Step 3: Deploy the inference service

  1. Run the following Arena command to deploy a custom Serve service.

    The service is named llama2-chat with version v1. It requires one GPU, has one replica, and is configured with a readiness probe. The --data parameter is used to mount the model persistent volume claim (PVC) vllm-model-oss, which was created by Fluid, to the /mnt/models directory in the container.

    arena serve custom \
    --name=llama2-chat \
    --version=v1 \
    --gpus=1 \
    --replicas=1 \
    --restful-port=8000 \
    --readiness-probe-action="tcpSocket" \
    --readiness-probe-action-option="port: 8000" \
    --readiness-probe-option="initialDelaySeconds: 30" \
    --readiness-probe-option="periodSeconds: 30" \
    --image=vllm/vllm-openai:latest \
    --data=vllm-model-oss:/mnt/models \
    "python3 -m vllm.entrypoints.openai.api_server --host 0.0.0.0 --port 8000 --model /mnt/models/llama-2-7b-chat-hf --dtype float16 --max-model-len 2048"

    Successful deployment should show:

    service/llama2-chat-v1 created
    deployment.apps/llama2-chat-v1-custom-serving created
    INFO[0003] The Job llama2-chat has been submitted successfully
    INFO[0003] You can run `arena serve get llama2-chat --type custom-serving -n default` to check the job status

    This indicates that the inference service has been successfully submitted to the Kubernetes cluster.

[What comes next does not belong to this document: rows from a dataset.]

text \<open>Two integers are congruent modulo \<open>q\<close> as soon as their trace coordinates agree modulo
  \<open>M \<cdot> disc\<close>, where \<open>q\<close> divides the rational integer \<open>M\<close>.\<close>

lemma finite_residue_ring:
  assumes q: "q \<in> \<O> F" "q \<noteq> 0" shows "finite (\<O> F // congO F q)"
proof -
  obtain M :: int where M: "M \<noteq> 0" "dvdO F q (of_int M)" using ex_nonzero_int_dvdO[OF q] .
  define L where "L = \<bar>M * disc\<bar>"
  have L: "L > 0" unfolding L_def disc_def using M(1) det_trace_matrix_nonzero by simp
  define \<phi> where "\<phi> x = (\<lambda>k\<in>{..<qdim}. trace_int (x * qbasis!k) mod L)" for x
  have \<phi>_range: "\<phi> ` (\<O> F) \<subseteq> PiE {..<qdim} (\<lambda>_. {0..<L})"
    unfolding \<phi>_def using L by (auto simp: PiE_def Pi_def)
  have \<phi>_eq: "(x, y) \<in> congO F q" if xy: "x \<in> \<O> F" "y \<in> \<O> F" "\<phi> x = \<phi> y" for x y
  proof -
    have "\<exists>z. trace_int (x * qbasis!k) - trace_int (y * qbasis!k) = M * disc * z" if k: "k < qdim" for k
    proof -
      have "M * disc dvd trace_int (x * qbasis!k) - trace_int (y * qbasis!k)"
        using fun_cong[OF xy(3), of k] k unfolding \<phi>_def L_def by (simp add: mod_eq_dvd_iff)
      then show ?thesis by (elim dvdE) blast
    qed
    then obtain z where z: "\<And>k. k < qdim \<Longrightarrow> trace_int (x * qbasis!k) - trace_int (y * qbasis!k) = M * disc * z k"
      by metis
    have "of_int disc * (x - y) = (\<Sum>k<qdim. of_int (trace_int (x * qbasis!k) - trace_int (y * qbasis!k)) * dual_elem k)"
      using disc_mult_eq_dual_expansion[OF xy(1)] disc_mult_eq_dual_expansion[OF xy(2)]
      by (simp add: sum_subtractf left_diff_distrib right_diff_distrib)
    also have "\<dots> = of_int disc * (of_int M * (\<Sum>k<qdim. of_int (z k) * dual_elem k))"
      using z by (simp add: sum_distrib_left mult.assoc mult.left_commute)
    finally have "x - y = of_int M * (\<Sum>k<qdim. of_int (z k) * dual_elem k)"
      using det_trace_matrix_nonzero unfolding disc_def by simp
    moreover have "(\<Sum>k<qdim. of_int (z k) * dual_elem k) \<in> \<O> F"
      using dual_elem_ints by (intro ints_sum ints_mult) auto
    ultimately show ?thesis using dvdO_mult[OF M(2)] xy by (simp add: mem_congO_iff)
  qed
  have "\<O> F // congO F q \<subseteq> (\<lambda>v. congO F q `` {SOME x. x \<in> \<O> F \<and> \<phi> x = v}) ` PiE {..<qdim} (\<lambda>_. {0..<L})"
  proof
    fix X assume "X \<in> \<O> F // congO F q"
    then obtain x where x: "x \<in> \<O> F" "X = congO F q `` {x}" by (auto elim: quotientE)
    define x' where "x' = (SOME x'. x' \<in> \<O> F \<and> \<phi> x' = \<phi> x)"
    have x': "x' \<in> \<O> F" "\<phi> x' = \<phi> x" unfolding x'_def using someI_ex[of "\<lambda>x'. x' \<in> \<O> F \<and> \<phi> x' = \<phi> x"] x(1) by auto
    then have "X = congO F q `` {x'}"
      using \<phi>_eq[of x x'] x equiv_class_eq[OF equiv_congO[OF q(1)]] by simp
    then show "X \<in> (\<lambda>v. congO F q `` {SOME x. x \<in> \<O> F \<and> \<phi> x = v}) ` PiE {..<qdim} (\<lambda>_. {0..<L})"
      using x \<phi>_range unfolding x'_def by blast
  qed
  then show ?thesis by (rule finite_subset) (intro finite_imageI finite_PiE, auto)
qed

end

context complex_number_field
begin

definition residues :: "complex \<Rightarrow> complex set set" where "residues c = \<O> F // congO F c"
definition residue :: "complex \<Rightarrow> complex \<Rightarrow> complex set" where "residue c x = congO F c `` {x}"
definition repr :: "complex set \<Rightarrow> complex" where "repr X = (SOME x. x \<in> X)"
definition unit_mod :: "complex \<Rightarrow> complex \<Rightarrow> bool" where
  "unit_mod c x \<longleftrightarrow> (\<exists>y\<in>\<O> F. dvdO F c (x * y - 1))"
definition inv_mod :: "complex \<Rightarrow> complex \<Rightarrow> complex" where
  "inv_mod c x = (SOME y. y \<in> \<O> F \<and> dvdO F c (x * y - 1))"

lemma residue_mem_residues: "x \<in> \<O> F \<Longrightarrow> residue c x \<in> residues c"
  unfolding residue_def residues_def by (rule quotientI)

lemma residue_eq_iff: assumes "c \<in> \<O> F" "x \<in> \<O> F" "y \<in> \<O> F"
  shows "residue c x = residue c y \<longleftrightarrow> dvdO F c (x - y)"
proof
  assume "residue c x = residue c y"
  then have "(x, y) \<in> congO F c" unfolding residue_def using equiv_congO[OF assms(1)] assms(3)
    by (rule eq_equiv_class)
  then show "dvdO F c (x - y)" by (simp add: mem_congO_iff)
next
  assume "dvdO F c (x - y)"
  then have "(x, y) \<in> congO F c" using assms by (simp add: mem_congO_iff)
  then show "residue c x = residue c y" unfolding residue_def by (rule equiv_class_eq[OF equiv_congO[OF assms(1)]])
qed

lemma repr_residues: assumes "c \<in> \<O> F" "X \<in> residues c" shows "repr X \<in> \<O> F" "residue c (repr X) = X"
proof -
  obtain x where x: "x \<in> \<O> F" "X = congO F c `` {x}" using assms(2) unfolding residues_def by (auto elim: quotientE)
  have "x \<in> X" using x equiv_class_self[OF equiv_congO[OF assms(1)]] by simp
  then have r: "repr X \<in> X" unfolding repr_def by (rule someI)
  then have "(x, repr X) \<in> congO F c" using x by simp
  then show "repr X \<in> \<O> F" by (simp add: mem_congO_iff)
  have e: "congO F c `` {x} = congO F c `` {repr X}"
    using equiv_class_eq[OF equiv_congO[OF assms(1)] \<open>(x, repr X) \<in> congO F c\<close>] .
  show "residue c (repr X) = X" by (simp only: residue_def) (rule trans[OF e[symmetric] x(2)[symmetric]])
qed

lemma repr_residue: assumes "c \<in> \<O> F" "x \<in> \<O> F" shows "dvdO F c (repr (residue c x) - x)" "repr (residue c x) \<in> \<O> F"
proof -
  have X: "residue c x \<in> residues c" by (rule residue_mem_residues[OF assms(2)])
  show r: "repr (residue c x) \<in> \<O> F" using repr_residues[OF assms(1) X] by simp
  have "residue c (repr (residue c x)) = residue c x" using repr_residues[OF assms(1) X] by simp
  then show "dvdO F c (repr (residue c x) - x)" using residue_eq_iff[OF assms(1) r assms(2)] by simp
qed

  2. Check the detailed information and running status of the inference service:

    arena serve get llama2-chat

    When the service is running normally, it displays:

    Name:       llama2-chat
    Namespace:  default
    Type:       Custom
    Version:    v1
    Desired:    1
    Available:  1
    Age:        2m
    Address:    192.168.10.15
    Port:       RESTFUL:8000
    GPU:        1

Step 4: Test the inference service

  1. Establish port forwarding to access the inference service locally:

    Port forwarding will continue running in the current terminal session. To stop it, press Ctrl+C.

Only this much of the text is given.